PROBLEM TO SOLVE —
Before anything else, copy every record below exactly as it stands.

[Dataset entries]

(* Let $r\ge1$ and let $D_r$ be the $r\times(2r-1)$ matrix with rows indexed by $1,\dots,r$ and columns indexed by $0,1,\dots,2r-2$, whose $(k,c)$ entry is $1$ if $c=r-k$ or $c=r-2+k$, and $0$ otherwise (so row $1$ has a single $1$ in column $r-1$, and row $k\ge2$ has $1$'s in columns $r-k$ and $r-2+k$). For a partition $\lambda$ with $l(\lambda)\le r$ and $\lambda_1\le r-1$, let $I(\lambda)=\{\lambda_r,\lambda_{r-1}+1,\dots,\lambda_1+r-1\}\subseteq\{0,\dots,2r-2\}$ and let $\Delta_{I(\lambda)}(D_r)$ be the $r\times r$ submatrix of $D_r$ consisting of the columns indexed by $I(\lambda)$ (in increasing order). Then $$\det\Delta_{I(\lambda)}(D_r)=\begin{cases}(-1)^{r(r-1)/2+|\lambda|/2}&\text{if }\lambda\in\mathcal P_r,\\ 0&\text{otherwise.}\end{cases}$$
   Context: Partitions: a partition $\lambda=(\lambda_1\ge\lambda_2\ge\cdots)$ of nonnegative integers with finitely many nonzero parts; $l(\lambda)$ is the number of nonzero parts, $|\lambda|=\sum_i\lambda_i$. In Frobenius notation $\lambda=(\alpha_1,\dots,\alpha_d\,|\,\beta_1,\dots,\beta_d)$ where $d=\#\{i:\lambda_i\ge i\}$, $\alpha_i=\lambda_i-i$, $\beta_i=\lambda'_i-i$ ($\lambda'$ the conjugate partition). For an integer $m\ge 0$, $\mathcal{P}_m$ is the set of partitions $\lambda$ with $l(\lambda)\le m$ of the form $(\alpha_1,\dots,\alpha_d\,|\,\alpha_1+1,\dots,\alpha_d+1)$ (the empty partition included; $|\lambda|$ is then even). *)

theory Defs
  imports "Jordan_Normal_Form.Determinant"
begin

RESULT —
(* Let $r\ge1$ and let $D_r$ be the $r\times(2r-1)$ matrix with rows indexed by $1,\dots,r$ and columns indexed by $0,1,\dots,2r-2$, whose $(k,c)$ entry is $1$ if $c=r-k$ or $c=r-2+k$, and $0$ otherwise (so row $1$ has a single $1$ in column $r-1$, and row $k\ge2$ has $1$'s in columns $r-k$ and $r-2+k$). For a partition $\lambda$ with $l(\lambda)\le r$ and $\lambda_1\le r-1$, let $I(\lambda)=\{\lambda_r,\lambda_{r-1}+1,\dots,\lambda_1+r-1\}\subseteq\{0,\dots,2r-2\}$ and let $\Delta_{I(\lambda)}(D_r)$ be the $r\times r$ submatrix of $D_r$ consisting of the columns indexed by $I(\lambda)$ (in increasing order). Then $$\det\Delta_{I(\lambda)}(D_r)=\begin{cases}(-1)^{r(r-1)/2+|\lambda|/2}&\text{if }\lambda\in\mathcal P_r,\\ 0&\text{otherwise.}\end{cases}$$
   Context: Partitions: a partition $\lambda=(\lambda_1\ge\lambda_2\ge\cdots)$ of nonnegative integers with finitely many nonzero parts; $l(\lambda)$ is the number of nonzero parts, $|\lambda|=\sum_i\lambda_i$. In Frobenius notation $\lambda=(\alpha_1,\dots,\alpha_d\,|\,\beta_1,\dots,\beta_d)$ where $d=\#\{i:\lambda_i\ge i\}$, $\alpha_i=\lambda_i-i$, $\beta_i=\lambda'_i-i$ ($\lambda'$ the conjugate partition). For an integer $m\ge 0$, $\mathcal{P}_m$ is the set of partitions $\lambda$ with $l(\lambda)\le m$ of the form $(\alpha_1,\dots,\alpha_d\,|\,\alpha_1+1,\dots,\alpha_d+1)$ (the empty partition included; $|\lambda|$ is then even). *)

theory Defs
  imports "Jordan_Normal_Form.Determinant"
begin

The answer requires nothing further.